text \<open>Tensor product V \<otimes> W realised as a vector space U with a bilinear map tens,
  characterised (up to unique isomorphism) by: pure tensors span U, and for linearly
  independent sets A of V and B of W the family (a \<otimes> b) indexed by A \<times> B is linearly
  independent (so bases go to bases).\<close>

definition is_tensor ::
  "('f::field \<Rightarrow> 'v::ab_group_add \<Rightarrow> 'v) \<Rightarrow> ('f \<Rightarrow> 'w::ab_group_add \<Rightarrow> 'w) \<Rightarrow>
   ('f \<Rightarrow> 'u::ab_group_add \<Rightarrow> 'u) \<Rightarrow> ('v \<Rightarrow> 'w \<Rightarrow> 'u) \<Rightarrow> bool" where
  "is_tensor scV scW scU tens \<longleftrightarrow>
     Vector_Spaces.vector_space scV \<and> Vector_Spaces.vector_space scW \<and> Vector_Spaces.vector_space scU \<and>
     (\<forall>w. Vector_Spaces.linear scV scU (\<lambda>v. tens v w)) \<and>
     (\<forall>v. Vector_Spaces.linear scW scU (tens v)) \<and>
     module.span scU (case_prod tens ` UNIV) = UNIV \<and>
     (\<forall>A B. \<not> module.dependent scV A \<and> \<not> module.dependent scW B \<longrightarrow>
        \<not> module.dependent scU (case_prod tens ` (A \<times> B)) \<and> inj_on (case_prod tens) (A \<times> B))"

definition tsum :: "('v \<Rightarrow> 'w \<Rightarrow> 'u::monoid_add) \<Rightarrow> ('v \<times> 'w) list \<Rightarrow> 'u" where
  "tsum tens ps = sum_list (map (case_prod tens) ps)"

text \<open>Hopf algebra (with bijective antipode, as a standing convention) on the F-algebra
  T with scalar multiplication sc.  TT = T \<otimes> T (algebra, via tens), TTT = (T \<otimes> T) \<otimes> T
  (via tens3).  Maps out of tensor products (\<epsilon> \<otimes> id, S \<otimes> id, multiplication,
  \<Delta> \<otimes> id, id \<otimes> \<Delta>) are evaluated on arbitrary representations as sums of pure tensors;
  these are well defined by the tensor product property.\<close>

definition hopf_algebra ::
  "('f::field \<Rightarrow> 't::ring_1 \<Rightarrow> 't) \<Rightarrow> ('f \<Rightarrow> 'u::ring_1 \<Rightarrow> 'u) \<Rightarrow> ('t \<Rightarrow> 't \<Rightarrow> 'u) \<Rightarrow>
   ('f \<Rightarrow> 'w::ab_group_add \<Rightarrow> 'w) \<Rightarrow> ('u \<Rightarrow> 't \<Rightarrow> 'w) \<Rightarrow>
   ('t \<Rightarrow> 'u) \<Rightarrow> ('t \<Rightarrow> 'f) \<Rightarrow> ('t \<Rightarrow> 't) \<Rightarrow> bool" where
  "hopf_algebra sc scU tens scW tens3 \<Delta> \<epsilon> S \<longleftrightarrow>
     falgebra sc \<and> falgebra scU \<and>
     is_tensor sc sc scU tens \<and>
     (\<forall>a b c d. tens a b * tens c d = tens (a * c) (b * d)) \<and> tens 1 1 = 1 \<and>
     is_tensor scU sc scW tens3 \<and>
     Vector_Spaces.linear sc scU \<Delta> \<and> (\<forall>a b. \<Delta> (a * b) = \<Delta> a * \<Delta> b) \<and> \<Delta> 1 = 1 \<and>
     Vector_Spaces.linear sc ((*) :: 'f \<Rightarrow> 'f \<Rightarrow> 'f) \<epsilon> \<and>
       (\<forall>a b. \<epsilon> (a * b) = \<epsilon> a * \<epsilon> b) \<and> \<epsilon> 1 = 1 \<and>
     Vector_Spaces.linear sc sc S \<and> bij S \<and>
     (\<forall>a ps. \<Delta> a = tsum tens ps \<longrightarrow>
        (\<Sum>(b, c)\<leftarrow>ps. sc (\<epsilon> b) c) = a \<and> (\<Sum>(b, c)\<leftarrow>ps. sc (\<epsilon> c) b) = a) \<and>
     (\<forall>a ps. \<Delta> a = tsum tens ps \<longrightarrow>
        (\<Sum>(b, c)\<leftarrow>ps. S b * c) = sc (\<epsilon> a) 1 \<and> (\<Sum>(b, c)\<leftarrow>ps. b * S c) = sc (\<epsilon> a) 1) \<and>
     (\<forall>a ps qs. \<Delta> a = tsum tens ps \<and> length qs = length ps \<and>
        (\<forall>i<length ps. \<Delta> (snd (ps ! i)) = tsum tens (qs ! i)) \<longrightarrow>
        (\<Sum>i<length ps. tens3 (\<Delta> (fst (ps ! i))) (snd (ps ! i))) =
        (\<Sum>i<length ps. \<Sum>(d, e)\<leftarrow>qs ! i. tens3 (tens (fst (ps ! i)) d) e))"

text \<open>R \<otimes> R, identified with its (injective, as F is a field) image in T \<otimes> T.\<close>
definition tensor_sub :: "('f::field \<Rightarrow> 'u::ab_group_add \<Rightarrow> 'u) \<Rightarrow> ('t \<Rightarrow> 't \<Rightarrow> 'u) \<Rightarrow> 't set \<Rightarrow> 'u set" where
  "tensor_sub scU tens R = module.span scU (case_prod tens ` (R \<times> R))"

definition hopf_subalgebra ::
  "('f::field \<Rightarrow> 't::ring_1 \<Rightarrow> 't) \<Rightarrow> ('f \<Rightarrow> 'u::ring_1 \<Rightarrow> 'u) \<Rightarrow> ('t \<Rightarrow> 't \<Rightarrow> 'u) \<Rightarrow>
   ('t \<Rightarrow> 'u) \<Rightarrow> ('t \<Rightarrow> 't) \<Rightarrow> 't set \<Rightarrow> bool" where
  "hopf_subalgebra sc scU tens \<Delta> S R \<longleftrightarrow>
     module.subspace sc R \<and> 1 \<in> R \<and> (\<forall>a\<in>R. \<forall>b\<in>R. a * b \<in> R) \<and>
     \<Delta> ` R \<subseteq> tensor_sub scU tens R \<and> bij_betw S R R"

definition falg_automorphism :: "('f::field \<Rightarrow> 't::ring_1 \<Rightarrow> 't) \<Rightarrow> 't set \<Rightarrow> ('t \<Rightarrow> 't) \<Rightarrow> bool" where
  "falg_automorphism sc R \<sigma> \<longleftrightarrow> bij_betw \<sigma> R R \<and> \<sigma> 1 = 1 \<and>
     (\<forall>a\<in>R. \<forall>b\<in>R. \<sigma> (a + b) = \<sigma> a + \<sigma> b \<and> \<sigma> (a * b) = \<sigma> a * \<sigma> b) \<and>
     (\<forall>c. \<forall>a\<in>R. \<sigma> (sc c a) = sc c (\<sigma> a))"

definition sigma_derivation :: "('f::field \<Rightarrow> 't::ring_1 \<Rightarrow> 't) \<Rightarrow> 't set \<Rightarrow> ('t \<Rightarrow> 't) \<Rightarrow> ('t \<Rightarrow> 't) \<Rightarrow> bool" where
  "sigma_derivation sc R \<sigma> \<delta> \<longleftrightarrow> \<delta> ` R \<subseteq> R \<and>
     (\<forall>a\<in>R. \<forall>b\<in>R. \<delta> (a + b) = \<delta> a + \<delta> b \<and> \<delta> (a * b) = \<delta> a * b + \<sigma> a * \<delta> b) \<and>
     (\<forall>c. \<forall>a\<in>R. \<delta> (sc c a) = sc c (\<delta> a))"

text \<open>The ring T (all of the type) is the skew polynomial ring R[x;\<sigma>,\<delta>]: T is a free left
  R-module with basis the powers of x, and x r - \<sigma>(r) x = \<delta>(r) for r in R.\<close>
definition is_skew_poly_ring :: "'t::ring_1 set \<Rightarrow> ('t \<Rightarrow> 't) \<Rightarrow> ('t \<Rightarrow> 't) \<Rightarrow> 't \<Rightarrow> bool" where
  "is_skew_poly_ring R \<sigma> \<delta> x \<longleftrightarrow>
     (\<forall>r\<in>R. x * r - \<sigma> r * x = \<delta> r) \<and>
     (\<forall>t. \<exists>n c. (\<forall>i<n. c i \<in> R) \<and> t = (\<Sum>i<n. c i * x ^ i)) \<and>
     (\<forall>n c. (\<forall>i<n. c i \<in> R) \<and> (\<Sum>i<n. c i * x ^ i) = 0 \<longrightarrow> (\<forall>i<n. c i = 0))"

definition is_domain_sub :: "'u::ring_1 set \<Rightarrow> bool" where
  "is_domain_sub D \<longleftrightarrow> (1::'u) \<noteq> 0 \<and> (\<forall>u\<in>D. \<forall>v\<in>D. u * v = 0 \<longrightarrow> u = 0 \<or> v = 0)"

end

theory Submission
  imports Defs "HOL-Library.Product_Plus" "HOL-Library.Product_Order"
begin

text \<open>Every element u of T \<otimes> T has a unique expansion u = \<Sum> \<kappa>(i,j)(u) (x^i \<otimes> x^j) with
  coefficients \<kappa>(i,j)(u) in R \<otimes> R.  For a lexicographic order on the exponents (i, j), the
  leading coefficient of a product u v is \<kappa>(m)(u) \<tau>(m)(\<kappa>(n)(v)), where m, n are the leading
  exponents and \<tau>(i,j) = \<sigma>^i \<otimes> \<sigma>^j is injective; as R \<otimes> R is a domain, the leading exponent
  of \<Delta>(x)^k is k times that of \<Delta>(x).  Suppose the leading exponent of \<Delta>(x) has a coordinate
  d \<ge> 2, say the second.  Applying a suitable functional f \<otimes> id to \<Delta>(x) gives y \<in> T of degree d,
  and coassociativity shows that \<Delta>(y) has degree at most d in the second factor.  But writing
  y = \<Sum> c_i x^i, the leading exponent of \<Delta>(y) = \<Sum> \<Delta>(c_i) \<Delta>(x)^i has second coordinate
  d^2 > d.  So all exponents occurring in \<Delta>(x) are at most 1.\<close>

lemma linear_map_add: "Vector_Spaces.linear s1 s2 f \<Longrightarrow> f (a + b) = f a + f b"
  by (simp add: Vector_Spaces.linear_iff)

lemma linear_map_scale: "Vector_Spaces.linear s1 s2 f \<Longrightarrow> f (s1 c a) = s2 c (f a)"
  by (simp add: Vector_Spaces.linear_iff)

lemma linear_map_zero: "Vector_Spaces.linear s1 s2 f \<Longrightarrow> f 0 = 0"
  using linear_map_add[of s1 s2 f 0 0] by simp

lemma linear_map_sum:
  assumes "Vector_Spaces.linear s1 s2 f"
  shows "f (\<Sum>i\<in>I. g i) = (\<Sum>i\<in>I. f (g i))"
  by (induction I rule: infinite_finite_induct)
     (auto simp: linear_map_add[OF assms] linear_map_zero[OF assms])

lemma linear_map_sum_list:
  assumes "Vector_Spaces.linear s1 s2 f"
  shows "f (sum_list (map g l)) = sum_list (map (\<lambda>z. f (g z)) l)"
  by (induction l) (auto simp: linear_map_add[OF assms] linear_map_zero[OF assms])

lemma linear_map_comp:
  "Vector_Spaces.linear s1 s2 f \<Longrightarrow> Vector_Spaces.linear s2 s3 g \<Longrightarrow>
   Vector_Spaces.linear s1 s3 (\<lambda>a. g (f a))"
  using Vector_Spaces.linear_compose[of s1 s2 f s3 g] by (simp add: comp_def)

lemma vector_space_field_mult: "Vector_Spaces.vector_space ((*) :: 'f::field \<Rightarrow> 'f \<Rightarrow> 'f)"
  by unfold_locales (auto simp: algebra_simps)

lemma vector_space_pairI:
  "Vector_Spaces.vector_space s1 \<Longrightarrow> Vector_Spaces.vector_space s2 \<Longrightarrow> vector_space_pair s1 s2"
  by (simp add: vector_space_pair_def)

lemma vector_space_basis_UNIV:
  assumes "Vector_Spaces.vector_space s"
  obtains B where "\<not> module.dependent s B" "module.span s B = UNIV"
proof -
  interpret vector_space s by fact
  obtain B where "independent B" "UNIV \<subseteq> span B" using basis_exists[of UNIV] by metis
  then show ?thesis using that by auto
qed

lemma linear_eq_on_span2:
  assumes V: "Vector_Spaces.vector_space s"
    and F1: "\<And>b. b \<in> module.span s B \<Longrightarrow> Vector_Spaces.linear s s (\<lambda>a. F a b)"
    and F2: "\<And>a. a \<in> B \<Longrightarrow> Vector_Spaces.linear s s (F a)"
    and G1: "\<And>b. b \<in> module.span s B \<Longrightarrow> Vector_Spaces.linear s s (\<lambda>a. G a b)"
    and G2: "\<And>a. a \<in> B \<Longrightarrow> Vector_Spaces.linear s s (G a)"
    and eq: "\<And>a b. a \<in> B \<Longrightarrow> b \<in> B \<Longrightarrow> F a b = G a b"
    and a: "a \<in> module.span s B" and b: "b \<in> module.span s B"
  shows "F a b = G a b"
proof -
  interpret p: vector_space_pair s s using vector_space_pairI[OF V V] .
  have "F a' b = G a' b" if "a' \<in> B" for a'
    using p.linear_eq_on[OF F2[OF that] G2[OF that] b] eq that by blast
  then show ?thesis using p.linear_eq_on[OF F1[OF b] G1[OF b] a] by blast
qed

subsection \<open>Tensor products\<close>

lemma is_tensor_vector_spaces:
  assumes "is_tensor scV scW scU tens"
  shows "Vector_Spaces.vector_space scV" "Vector_Spaces.vector_space scW"
    "Vector_Spaces.vector_space scU"
  using assms unfolding is_tensor_def by blast+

□ □ □ □ □ □ □

### EXERCISE PROMPT
From the data above, copy each line that holds "lambda".

### SOLUTION FOR THIS EXERCISE
     (\<forall>w. Vector_Spaces.linear scV scU (\<lambda>v. tens v w)) \<and>
  shows "f (sum_list (map g l)) = sum_list (map (\<lambda>z. f (g z)) l)"
   Vector_Spaces.linear s1 s3 (\<lambda>a. g (f a))"
    and F1: "\<And>b. b \<in> module.span s B \<Longrightarrow> Vector_Spaces.linear s s (\<lambda>a. F a b)"
    and G1: "\<And>b. b \<in> module.span s B \<Longrightarrow> Vector_Spaces.linear s s (\<lambda>a. G a b)"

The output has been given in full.